* Prompt:
Print the records exactly as they are written.

* Records for the task:

lemma linear_coeff_zero_if_quadratic_nonpos:
  fixes a b :: real
  assumes "\<And>t. 2 * t * a + t\<^sup>2 * b \<le> 0"
  shows "a = 0"
proof (rule ccontr)
  assume "a \<noteq> 0"
  define s where "s = 1 / (\<bar>b\<bar> + 1)"
  have s: "0 < s" "s * \<bar>b\<bar> < 1"
    unfolding s_def by (auto simp: field_simps)
  then have "- 1 < s * b"
    using abs_ge_minus_self[of b] mult_left_mono[of "- b" "\<bar>b\<bar>" s] by linarith
  then have "0 < a\<^sup>2 * s * (2 + s * b)"
    using s \<open>a \<noteq> 0\<close> by simp
  moreover have "2 * (s * a) * a + (s * a)\<^sup>2 * b \<le> 0"
    by (rule assms)
  ultimately show False
    by (simp add: power2_eq_square algebra_simps)
qed

lemma quadratic_form_max_orthogonal:
  fixes C :: "real^'n^'n"
  assumes C: "transpose C = C" and S: "subspace S" and "v \<in> S" and "w \<in> S"
    and max: "\<And>x. x \<in> S \<Longrightarrow> x \<bullet> (C *v x) \<le> 0" and "v \<bullet> (C *v v) = 0"
  shows "w \<bullet> (C *v v) = 0"
proof (rule linear_coeff_zero_if_quadratic_nonpos)
  fix t :: real
  have "v + t *\<^sub>R w \<in> S"
    using S \<open>v \<in> S\<close> \<open>w \<in> S\<close> by (simp add: subspace_add subspace_scale)
  then have "(v + t *\<^sub>R w) \<bullet> (C *v (v + t *\<^sub>R w)) \<le> 0"
    by (rule max)
  moreover have "v \<bullet> (C *v w) = w \<bullet> (C *v v)"
    using symmetric_matrix_inner_commute[OF C] by (simp add: inner_commute)
  ultimately show "2 * t * (w \<bullet> (C *v v)) + t\<^sup>2 * (w \<bullet> (C *v w)) \<le> 0"
    using \<open>v \<bullet> (C *v v) = 0\<close>
    by (simp add: matrix_vector_right_distrib matrix_vector_mult_scaleR inner_add_left
        inner_add_right power2_eq_square algebra_simps)
qed

lemma rayleigh_quotient_attains_max:
  fixes A B :: "real^'n^'n"
  assumes A: "pos_def A" and S: "subspace S" and "S \<noteq> {0}"
  obtains v where "v \<in> S" and "v \<noteq> 0"
    and "\<And>x. x \<in> S \<Longrightarrow> x \<noteq> 0 \<Longrightarrow>
      (x \<bullet> (B *v x)) / (x \<bullet> (A *v x)) \<le> (v \<bullet> (B *v v)) / (v \<bullet> (A *v v))"
proof -
  define K where "K = S \<inter> sphere 0 1"
  define f where "f x = (x \<bullet> (B *v x)) / (x \<bullet> (A *v x))" for x
  have normalize_in_K: "x /\<^sub>R norm x \<in> K" if "x \<in> S" "x \<noteq> 0" for x
    unfolding K_def using that subspace_scale[OF S] by auto
  have "compact K"
    unfolding K_def using closed_subspace[OF S] by (simp add: closed_Int_compact)
  moreover have "K \<noteq> {}"
    using \<open>S \<noteq> {0}\<close> subspace_0[OF S] normalize_in_K by blast
  moreover have "continuous_on K f"
  proof -
    have "x \<bullet> (A *v x) \<noteq> 0" if "x \<in> K" for x
    proof -
      have "x \<noteq> 0"
        using that by (auto simp: K_def)
      then show ?thesis
        using A unfolding pos_def_def by (metis less_irrefl)
    qed
    then show ?thesis
      unfolding f_def by (intro continuous_intros) auto
  qed
  ultimately have "\<exists>v\<in>K. \<forall>y\<in>K. f y \<le> f v"
    by (rule continuous_attains_sup)
  then obtain v where "v \<in> K" and v_max: "\<And>y. y \<in> K \<Longrightarrow> f y \<le> f v"
    by blast
  show thesis
  proof (rule that[of v])
    show "v \<in> S" and "v \<noteq> 0"
      using \<open>v \<in> K\<close> by (auto simp: K_def)
    fix x
    assume "x \<in> S" and "x \<noteq> 0"
    have "f x = f (x /\<^sub>R norm x)"
      using \<open>x \<noteq> 0\<close> by (simp add: f_def matrix_vector_mult_scaleR power2_eq_square)
    also have "\<dots> \<le> f v"
      using normalize_in_K[OF \<open>x \<in> S\<close> \<open>x \<noteq> 0\<close>] by (rule v_max)
    finally show "(x \<bullet> (B *v x)) / (x \<bullet> (A *v x)) \<le> (v \<bullet> (B *v v)) / (v \<bullet> (A *v v))"
      by (simp only: f_def)
  qed
qed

* Output:
lemma linear_coeff_zero_if_quadratic_nonpos:
  fixes a b :: real
  assumes "\<And>t. 2 * t * a + t\<^sup>2 * b \<le> 0"
  shows "a = 0"
proof (rule ccontr)
  assume "a \<noteq> 0"
  define s where "s = 1 / (\<bar>b\<bar> + 1)"
  have s: "0 < s" "s * \<bar>b\<bar> < 1"
    unfolding s_def by (auto simp: field_simps)
  then have "- 1 < s * b"
    using abs_ge_minus_self[of b] mult_left_mono[of "- b" "\<bar>b\<bar>" s] by linarith
  then have "0 < a\<^sup>2 * s * (2 + s * b)"
    using s \<open>a \<noteq> 0\<close> by simp
  moreover have "2 * (s * a) * a + (s * a)\<^sup>2 * b \<le> 0"
    by (rule assms)
  ultimately show False
    by (simp add: power2_eq_square algebra_simps)
qed

lemma quadratic_form_max_orthogonal:
  fixes C :: "real^'n^'n"
  assumes C: "transpose C = C" and S: "subspace S" and "v \<in> S" and "w \<in> S"
    and max: "\<And>x. x \<in> S \<Longrightarrow> x \<bullet> (C *v x) \<le> 0" and "v \<bullet> (C *v v) = 0"
  shows "w \<bullet> (C *v v) = 0"
proof (rule linear_coeff_zero_if_quadratic_nonpos)
  fix t :: real
  have "v + t *\<^sub>R w \<in> S"
    using S \<open>v \<in> S\<close> \<open>w \<in> S\<close> by (simp add: subspace_add subspace_scale)
  then have "(v + t *\<^sub>R w) \<bullet> (C *v (v + t *\<^sub>R w)) \<le> 0"
    by (rule max)
  moreover have "v \<bullet> (C *v w) = w \<bullet> (C *v v)"
    using symmetric_matrix_inner_commute[OF C] by (simp add: inner_commute)
  ultimately show "2 * t * (w \<bullet> (C *v v)) + t\<^sup>2 * (w \<bullet> (C *v w)) \<le> 0"
    using \<open>v \<bullet> (C *v v) = 0\<close>
    by (simp add: matrix_vector_right_distrib matrix_vector_mult_scaleR inner_add_left
        inner_add_right power2_eq_square algebra_simps)
qed

lemma rayleigh_quotient_attains_max:
  fixes A B :: "real^'n^'n"
  assumes A: "pos_def A" and S: "subspace S" and "S \<noteq> {0}"
  obtains v where "v \<in> S" and "v \<noteq> 0"
    and "\<And>x. x \<in> S \<Longrightarrow> x \<noteq> 0 \<Longrightarrow>
      (x \<bullet> (B *v x)) / (x \<bullet> (A *v x)) \<le> (v \<bullet> (B *v v)) / (v \<bullet> (A *v v))"
proof -
  define K where "K = S \<inter> sphere 0 1"
  define f where "f x = (x \<bullet> (B *v x)) / (x \<bullet> (A *v x))" for x
  have normalize_in_K: "x /\<^sub>R norm x \<in> K" if "x \<in> S" "x \<noteq> 0" for x
    unfolding K_def using that subspace_scale[OF S] by auto
  have "compact K"
    unfolding K_def using closed_subspace[OF S] by (simp add: closed_Int_compact)
  moreover have "K \<noteq> {}"
    using \<open>S \<noteq> {0}\<close> subspace_0[OF S] normalize_in_K by blast
  moreover have "continuous_on K f"
  proof -
    have "x \<bullet> (A *v x) \<noteq> 0" if "x \<in> K" for x
    proof -
      have "x \<noteq> 0"
        using that by (auto simp: K_def)
      then show ?thesis
        using A unfolding pos_def_def by (metis less_irrefl)
    qed
    then show ?thesis
      unfolding f_def by (intro continuous_intros) auto
  qed
  ultimately have "\<exists>v\<in>K. \<forall>y\<in>K. f y \<le> f v"
    by (rule continuous_attains_sup)
  then obtain v where "v \<in> K" and v_max: "\<And>y. y \<in> K \<Longrightarrow> f y \<le> f v"
    by blast
  show thesis
  proof (rule that[of v])
    show "v \<in> S" and "v \<noteq> 0"
      using \<open>v \<in> K\<close> by (auto simp: K_def)
    fix x
    assume "x \<in> S" and "x \<noteq> 0"
    have "f x = f (x /\<^sub>R norm x)"
      using \<open>x \<noteq> 0\<close> by (simp add: f_def matrix_vector_mult_scaleR power2_eq_square)
    also have "\<dots> \<le> f v"
      using normalize_in_K[OF \<open>x \<in> S\<close> \<open>x \<noteq> 0\<close>] by (rule v_max)
    finally show "(x \<bullet> (B *v x)) / (x \<bullet> (A *v x)) \<le> (v \<bullet> (B *v v)) / (v \<bullet> (A *v v))"
      by (simp only: f_def)
  qed
qed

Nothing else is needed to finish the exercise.